- **INSTRUCTIONS TO FOLLOW**: The required output is the exact run of lines below that opens at the line with "- (1 / real" and closes at the line with "(Xi - Xj))\<^sup>2".

- **PROVIDED INFORMATION**:
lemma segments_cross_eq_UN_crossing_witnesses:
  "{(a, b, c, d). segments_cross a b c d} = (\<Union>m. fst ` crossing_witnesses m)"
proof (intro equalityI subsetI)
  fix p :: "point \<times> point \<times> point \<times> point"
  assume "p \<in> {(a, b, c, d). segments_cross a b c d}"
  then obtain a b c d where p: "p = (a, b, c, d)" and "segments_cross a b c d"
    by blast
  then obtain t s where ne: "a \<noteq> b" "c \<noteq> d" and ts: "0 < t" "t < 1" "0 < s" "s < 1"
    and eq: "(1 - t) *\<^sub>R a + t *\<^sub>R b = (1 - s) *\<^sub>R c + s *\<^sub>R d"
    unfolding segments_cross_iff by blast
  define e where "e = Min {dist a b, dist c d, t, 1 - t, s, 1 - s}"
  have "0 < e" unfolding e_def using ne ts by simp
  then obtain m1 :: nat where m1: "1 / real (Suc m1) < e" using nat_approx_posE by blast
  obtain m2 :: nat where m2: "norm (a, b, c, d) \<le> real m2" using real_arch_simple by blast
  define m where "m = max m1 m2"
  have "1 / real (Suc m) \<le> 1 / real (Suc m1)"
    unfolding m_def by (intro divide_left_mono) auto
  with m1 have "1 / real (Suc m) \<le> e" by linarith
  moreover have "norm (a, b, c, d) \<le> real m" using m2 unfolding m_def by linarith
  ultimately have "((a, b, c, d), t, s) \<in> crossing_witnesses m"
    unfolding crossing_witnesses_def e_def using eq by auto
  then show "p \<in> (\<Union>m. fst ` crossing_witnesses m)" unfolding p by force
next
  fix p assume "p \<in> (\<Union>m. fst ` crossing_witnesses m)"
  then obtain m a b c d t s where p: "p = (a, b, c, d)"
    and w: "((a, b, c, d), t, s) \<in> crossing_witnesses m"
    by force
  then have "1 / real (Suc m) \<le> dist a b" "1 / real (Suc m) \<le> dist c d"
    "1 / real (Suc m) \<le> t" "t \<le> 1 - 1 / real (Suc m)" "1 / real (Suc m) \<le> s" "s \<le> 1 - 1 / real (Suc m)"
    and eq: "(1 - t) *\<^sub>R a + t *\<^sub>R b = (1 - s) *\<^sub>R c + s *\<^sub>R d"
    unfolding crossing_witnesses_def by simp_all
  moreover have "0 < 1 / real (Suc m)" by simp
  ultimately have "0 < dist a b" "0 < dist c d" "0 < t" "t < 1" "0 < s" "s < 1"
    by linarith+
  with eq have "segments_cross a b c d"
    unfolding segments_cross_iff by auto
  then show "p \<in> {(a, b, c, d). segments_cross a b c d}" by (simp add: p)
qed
* * *
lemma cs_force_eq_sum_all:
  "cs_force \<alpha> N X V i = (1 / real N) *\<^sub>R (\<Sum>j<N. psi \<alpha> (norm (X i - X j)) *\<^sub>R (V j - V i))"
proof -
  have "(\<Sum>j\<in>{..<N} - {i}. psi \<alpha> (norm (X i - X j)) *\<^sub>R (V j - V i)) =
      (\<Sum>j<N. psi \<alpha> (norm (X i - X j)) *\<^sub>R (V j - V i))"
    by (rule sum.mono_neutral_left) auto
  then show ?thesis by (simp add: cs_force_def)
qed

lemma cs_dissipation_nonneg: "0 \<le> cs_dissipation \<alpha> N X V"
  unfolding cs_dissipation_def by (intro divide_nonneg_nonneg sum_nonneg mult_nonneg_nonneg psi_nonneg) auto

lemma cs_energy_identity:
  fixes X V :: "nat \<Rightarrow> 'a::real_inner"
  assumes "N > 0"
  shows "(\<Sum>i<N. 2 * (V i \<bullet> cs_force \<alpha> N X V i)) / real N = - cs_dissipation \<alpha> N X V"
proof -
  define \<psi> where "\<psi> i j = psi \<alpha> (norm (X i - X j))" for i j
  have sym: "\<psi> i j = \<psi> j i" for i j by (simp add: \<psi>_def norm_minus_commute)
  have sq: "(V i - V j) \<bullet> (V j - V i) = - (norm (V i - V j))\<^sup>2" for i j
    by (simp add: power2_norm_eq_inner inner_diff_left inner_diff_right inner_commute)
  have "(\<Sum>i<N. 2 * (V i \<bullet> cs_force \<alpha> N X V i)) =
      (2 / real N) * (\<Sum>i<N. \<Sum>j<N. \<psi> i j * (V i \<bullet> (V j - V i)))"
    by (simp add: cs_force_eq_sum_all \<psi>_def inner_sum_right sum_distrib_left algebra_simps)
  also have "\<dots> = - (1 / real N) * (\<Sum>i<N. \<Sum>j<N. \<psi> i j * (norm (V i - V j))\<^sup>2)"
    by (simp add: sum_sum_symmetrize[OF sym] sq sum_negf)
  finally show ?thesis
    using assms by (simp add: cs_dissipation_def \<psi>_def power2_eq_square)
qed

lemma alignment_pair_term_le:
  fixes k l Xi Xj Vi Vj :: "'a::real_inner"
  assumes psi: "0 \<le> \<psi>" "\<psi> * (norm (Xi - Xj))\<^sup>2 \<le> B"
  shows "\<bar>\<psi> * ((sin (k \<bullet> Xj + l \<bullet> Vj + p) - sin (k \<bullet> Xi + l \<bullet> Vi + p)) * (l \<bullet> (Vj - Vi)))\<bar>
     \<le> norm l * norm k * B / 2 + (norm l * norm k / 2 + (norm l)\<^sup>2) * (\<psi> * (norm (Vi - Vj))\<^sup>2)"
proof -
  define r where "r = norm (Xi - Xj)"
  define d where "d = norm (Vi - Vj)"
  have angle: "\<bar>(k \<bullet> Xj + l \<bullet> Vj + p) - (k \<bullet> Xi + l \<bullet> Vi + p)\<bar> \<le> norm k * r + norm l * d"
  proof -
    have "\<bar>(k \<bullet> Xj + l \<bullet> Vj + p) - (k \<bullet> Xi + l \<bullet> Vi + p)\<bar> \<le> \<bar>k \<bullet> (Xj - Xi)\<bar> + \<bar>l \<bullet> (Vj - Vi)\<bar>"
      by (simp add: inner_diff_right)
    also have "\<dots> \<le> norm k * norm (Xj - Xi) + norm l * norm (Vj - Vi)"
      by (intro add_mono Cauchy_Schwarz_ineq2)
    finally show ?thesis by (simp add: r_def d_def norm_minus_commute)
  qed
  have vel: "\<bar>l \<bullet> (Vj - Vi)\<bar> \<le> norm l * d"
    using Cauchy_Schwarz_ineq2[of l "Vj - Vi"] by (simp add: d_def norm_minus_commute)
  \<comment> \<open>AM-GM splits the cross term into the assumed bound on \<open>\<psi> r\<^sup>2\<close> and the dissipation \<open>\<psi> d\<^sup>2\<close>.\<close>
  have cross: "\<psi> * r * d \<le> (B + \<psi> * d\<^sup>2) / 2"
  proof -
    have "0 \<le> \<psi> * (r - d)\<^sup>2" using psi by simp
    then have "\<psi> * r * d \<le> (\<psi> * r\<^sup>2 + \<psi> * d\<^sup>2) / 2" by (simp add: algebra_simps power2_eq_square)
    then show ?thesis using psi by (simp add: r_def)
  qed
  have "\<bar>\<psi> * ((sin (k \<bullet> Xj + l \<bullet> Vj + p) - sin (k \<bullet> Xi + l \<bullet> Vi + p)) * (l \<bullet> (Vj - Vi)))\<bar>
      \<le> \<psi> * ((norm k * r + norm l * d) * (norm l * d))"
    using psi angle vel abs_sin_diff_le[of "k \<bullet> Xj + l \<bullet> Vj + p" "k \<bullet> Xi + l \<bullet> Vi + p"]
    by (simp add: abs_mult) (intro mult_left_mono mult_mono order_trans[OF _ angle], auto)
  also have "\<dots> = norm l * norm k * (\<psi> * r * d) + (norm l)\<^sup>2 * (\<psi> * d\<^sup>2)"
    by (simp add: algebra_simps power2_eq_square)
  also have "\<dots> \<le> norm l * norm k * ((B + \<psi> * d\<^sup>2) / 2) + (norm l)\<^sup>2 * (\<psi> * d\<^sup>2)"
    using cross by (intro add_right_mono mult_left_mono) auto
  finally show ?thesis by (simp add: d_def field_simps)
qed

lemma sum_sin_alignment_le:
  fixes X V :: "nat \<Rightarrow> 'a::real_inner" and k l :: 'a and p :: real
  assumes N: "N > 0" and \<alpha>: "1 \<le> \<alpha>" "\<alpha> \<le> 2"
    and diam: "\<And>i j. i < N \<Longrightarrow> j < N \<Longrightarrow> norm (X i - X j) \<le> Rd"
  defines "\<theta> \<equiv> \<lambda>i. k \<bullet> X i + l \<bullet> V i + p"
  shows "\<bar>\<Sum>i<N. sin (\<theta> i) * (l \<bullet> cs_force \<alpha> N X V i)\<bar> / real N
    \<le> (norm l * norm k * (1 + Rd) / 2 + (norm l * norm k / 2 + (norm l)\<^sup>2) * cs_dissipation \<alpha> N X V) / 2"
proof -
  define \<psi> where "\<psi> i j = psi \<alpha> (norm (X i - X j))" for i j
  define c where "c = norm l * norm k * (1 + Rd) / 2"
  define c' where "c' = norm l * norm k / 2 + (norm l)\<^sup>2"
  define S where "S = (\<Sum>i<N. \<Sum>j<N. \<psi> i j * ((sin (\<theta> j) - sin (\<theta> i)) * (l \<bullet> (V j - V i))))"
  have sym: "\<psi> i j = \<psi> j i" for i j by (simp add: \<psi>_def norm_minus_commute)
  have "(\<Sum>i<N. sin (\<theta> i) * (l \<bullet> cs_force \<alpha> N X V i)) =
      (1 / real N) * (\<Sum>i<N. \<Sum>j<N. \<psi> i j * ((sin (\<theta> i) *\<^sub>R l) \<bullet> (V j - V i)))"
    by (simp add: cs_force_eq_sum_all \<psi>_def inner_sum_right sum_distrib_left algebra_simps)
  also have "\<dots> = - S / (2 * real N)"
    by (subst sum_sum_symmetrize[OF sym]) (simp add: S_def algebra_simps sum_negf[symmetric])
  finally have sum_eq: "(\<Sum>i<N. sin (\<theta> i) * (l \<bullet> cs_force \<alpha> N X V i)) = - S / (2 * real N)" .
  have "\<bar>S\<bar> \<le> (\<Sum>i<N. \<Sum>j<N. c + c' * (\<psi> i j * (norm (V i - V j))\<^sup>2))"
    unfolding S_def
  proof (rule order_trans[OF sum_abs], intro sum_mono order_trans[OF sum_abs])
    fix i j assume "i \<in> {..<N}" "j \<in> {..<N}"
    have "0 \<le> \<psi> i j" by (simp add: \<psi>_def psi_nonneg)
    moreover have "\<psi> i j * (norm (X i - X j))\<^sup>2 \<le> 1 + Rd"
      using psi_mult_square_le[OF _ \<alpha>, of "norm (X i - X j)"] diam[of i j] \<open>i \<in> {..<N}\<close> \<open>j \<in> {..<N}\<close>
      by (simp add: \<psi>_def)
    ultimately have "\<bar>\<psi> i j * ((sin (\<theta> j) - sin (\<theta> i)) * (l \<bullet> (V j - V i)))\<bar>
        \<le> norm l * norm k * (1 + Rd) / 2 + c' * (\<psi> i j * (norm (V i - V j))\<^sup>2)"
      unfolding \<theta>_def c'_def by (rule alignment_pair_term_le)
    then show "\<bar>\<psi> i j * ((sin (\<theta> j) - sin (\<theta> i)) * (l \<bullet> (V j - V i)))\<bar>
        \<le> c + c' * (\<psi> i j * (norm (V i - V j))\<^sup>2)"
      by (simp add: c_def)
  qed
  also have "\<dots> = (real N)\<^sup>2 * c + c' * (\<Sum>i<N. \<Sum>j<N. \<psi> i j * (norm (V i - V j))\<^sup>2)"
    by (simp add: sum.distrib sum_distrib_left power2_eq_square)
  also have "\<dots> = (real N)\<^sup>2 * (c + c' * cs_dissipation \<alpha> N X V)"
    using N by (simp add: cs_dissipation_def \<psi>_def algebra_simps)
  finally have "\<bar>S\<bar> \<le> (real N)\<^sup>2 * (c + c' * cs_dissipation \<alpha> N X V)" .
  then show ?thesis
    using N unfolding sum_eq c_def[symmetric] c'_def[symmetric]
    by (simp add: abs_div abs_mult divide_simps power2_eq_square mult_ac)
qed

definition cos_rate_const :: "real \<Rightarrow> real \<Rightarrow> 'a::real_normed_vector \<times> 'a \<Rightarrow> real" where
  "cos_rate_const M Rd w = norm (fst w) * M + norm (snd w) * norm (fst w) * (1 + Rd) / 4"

- **RESULT OF THE TASK**:
  also have "\<dots> = - (1 / real N) * (\<Sum>i<N. \<Sum>j<N. \<psi> i j * (norm (V i - V j))\<^sup>2)"
    by (simp add: sum_sum_symmetrize[OF sym] sq sum_negf)
  finally show ?thesis
    using assms by (simp add: cs_dissipation_def \<psi>_def power2_eq_square)
qed

lemma alignment_pair_term_le:
  fixes k l Xi Xj Vi Vj :: "'a::real_inner"
  assumes psi: "0 \<le> \<psi>" "\<psi> * (norm (Xi - Xj))\<^sup>2 \<le> B"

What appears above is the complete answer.